# ordered some fruit flies



## hortus (Oct 27, 2005)

before you move the post hear me out.

my oothca seems to be getting darker . im hoping that means its getting closer to hatching and not just molding inside.

so on the offhand chance its close i ordered some fruit flies .

id rather waste 10 bucks on a batch of fruit flies then let the whole offspring of a oothca die of starvation


----------



## Ian (Oct 27, 2005)

oh cool...I have to say, I have not got a clue what an ooth looks like before it is going to hatch!

Cheers,

Ian


----------



## Rick (Oct 28, 2005)

Ooths don't change in appearance before hatching.


----------



## yen_saw (Oct 28, 2005)

What species of mantis do you have Hortus? Usually ooth changes color only during the first few hours to few days from milky white to dark brown especially species like flower mantis and ghost mantis. Dead leaf mantis ooth took a while to change into darker color but that is not indication for ooth hatching soon.

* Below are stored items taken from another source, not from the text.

lemma L_orbits_eq: "L_orbits = (\<lambda>C. vtx ` set C) ` set e8_orbit_lists"
proof
  show "(\<lambda>C. vtx ` set C) ` set e8_orbit_lists \<subseteq> L_orbits"
    using e8_orbit_list_L_orbit by blast
next
  show "L_orbits \<subseteq> (\<lambda>C. vtx ` set C) ` set e8_orbit_lists"
  proof
    fix O'
    assume "O' \<in> L_orbits"
    then obtain x where x: "x \<in> E8_roots" and O': "O' = L_orbit (vtx x)"
      by (auto simp: L_orbits_def E8_vertices_def)
    have "sign_normal x \<in> set (concat e8_orbit_lists)"
      using orbit_partition_covers[OF normal_roots_mem_own_orbit_list] x
      by (auto simp: e8_orbit_lists_def E8_roots_eq)
    then obtain C where C: "C \<in> set e8_orbit_lists" "sign_normal x \<in> set C"
      by auto
    obtain r where r: "r \<in> E8_roots" "C = orbit_list L_tables (sign_normal r)"
      using C(1) by (rule e8_orbit_lists_elements)
    then have C_orbit: "vtx ` set C = L_orbit (vtx (sign_normal r))"
      by (simp add: L_orbit_orbit_list E8_roots_length)
    then have "vtx x \<in> L_orbit (vtx (sign_normal r))"
      using C(2) vtx_sign_normal by (metis image_eqI)
    then have "O' = vtx ` set C"
      using O' C_orbit L_orbit_eq_of_mem r(1) by (simp add: E8_roots_length)
    then show "O' \<in> (\<lambda>C. vtx ` set C) ` set e8_orbit_lists"
      using C(1) by blast
  qed
qed

lemma e8_orbit_list_card:
  assumes "C \<in> set e8_orbit_lists"
  shows "card (vtx ` set C) = 8"
proof -
  obtain x where "C = orbit_list L_tables (sign_normal x)"
    using assms by (rule e8_orbit_lists_elements)
  then have "distinct C"
    by (simp add: orbit_list_def)
  moreover have "inj_on vtx (set C)"
    using inj_on_subset[OF vtx_inj_on_sign_normal e8_orbit_list_normal[OF assms]] .
  moreover have "length C = 8"
    using e8_orbit_lists_facts assms by (simp add: Let_def)
  ultimately show ?thesis
    by (simp add: card_image distinct_card)
qed

lemma e8_orbit_list_clique:
  assumes "C \<in> set e8_orbit_lists"
  shows "is_clique (vtx ` set C)"
proof -
  have "\<forall>x\<in>set C. e8_root_test x" and orth: "\<forall>x\<in>set C. \<forall>y\<in>set C. x \<noteq> y \<longrightarrow> inner8 x y = 0"
    using e8_orbit_lists_facts assms by (simp_all add: Let_def)
  then have roots: "set C \<subseteq> E8_roots"
    using e8_root_test_sound by blast
  have "E8_adj (vtx x) (vtx y)" if "x \<in> set C" "y \<in> set C" "vtx x \<noteq> vtx y" for x y
    unfolding E8_adj_def using that roots orth by (intro exI[of _ x] exI[of _ y]) auto
  then show ?thesis
    using roots by (auto simp: is_clique_def E8_vertices_def)
qed

lemma card_L_orbits: "card L_orbits = 15"
proof -
  let ?OL = e8_orbit_lists
  have "distinct (map set ?OL)"
    unfolding e8_orbit_lists_def by (rule orbit_partition_distinct[OF normal_roots_mem_own_orbit_list])
  moreover have "inj_on (\<lambda>C. vtx ` set C) (set ?OL)"
  proof (rule inj_onI)
    fix C D
    assume C: "C \<in> set ?OL" and D: "D \<in> set ?OL" and CD: "vtx ` set C = vtx ` set D"
    have "set C = set D"
      using CD inj_on_image_eq_iff[OF vtx_inj_on_sign_normal
          e8_orbit_list_normal[OF C] e8_orbit_list_normal[OF D]] by simp
    then show "C = D"
      using \<open>distinct (map set ?OL)\<close> C D by (auto simp: distinct_map inj_on_def)
  qed
  ultimately have "card L_orbits = length ?OL"
    by (simp add: L_orbits_eq card_image distinct_card distinct_map)
  also have "\<dots> = 15"
    using e8_orbit_lists_facts by (simp add: Let_def)
  finally show ?thesis .
qed

lemma L_orbit_card_clique: "C \<in> L_orbits \<Longrightarrow> card C = 8 \<and> is_clique C"
  by (auto simp: L_orbits_eq e8_orbit_list_card e8_orbit_list_clique)

lemma Union_L_orbits: "\<Union> L_orbits = E8_vertices"
proof
  show "\<Union> L_orbits \<subseteq> E8_vertices"
    using L_orbit_card_clique by (auto simp: is_clique_def)
  show "E8_vertices \<subseteq> \<Union> L_orbits"
  proof
    fix v
    assume "v \<in> E8_vertices"
    then obtain x where x: "x \<in> E8_roots" "v = vtx x"
      by (auto simp: E8_vertices_def)
    then have "v \<in> L_orbit v"
      using sign_normal_mem_orbit_list[of x] L_orbit_orbit_list[of x] vtx_sign_normal[of x]
      by (auto simp: E8_roots_length)
    then show "v \<in> \<Union> L_orbits"
      using x by (auto simp: L_orbits_def E8_vertices_def)
  qed
qed

theorem lemma3p4:
  shows "card L_orbits = 15
    \<and> (\<forall>C\<in>L_orbits. card C = 8 \<and> is_clique C)
    \<and> \<Union> L_orbits = E8_vertices
    \<and> (\<forall>O1\<in>L_orbits. \<forall>O2\<in>L_orbits. O1 \<noteq> O2 \<longrightarrow> O1 \<inter> O2 = {})"
  using card_L_orbits L_orbit_card_clique Union_L_orbits L_orbits_disjoint by blast

end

Most of the ff dealers on internet provide express delivery too although pricy, and PetCo or Petsmart sells D. Melanogaster or D. Hydei too so you can get them pretty quick. Most mantis hatchlings are more interested in hiding from enemy rather than looking for food so it is ok to wait for 2 days :wink:


----------



## infinity (Oct 28, 2005)

could always use an ultrasound or stethoscope to check...


----------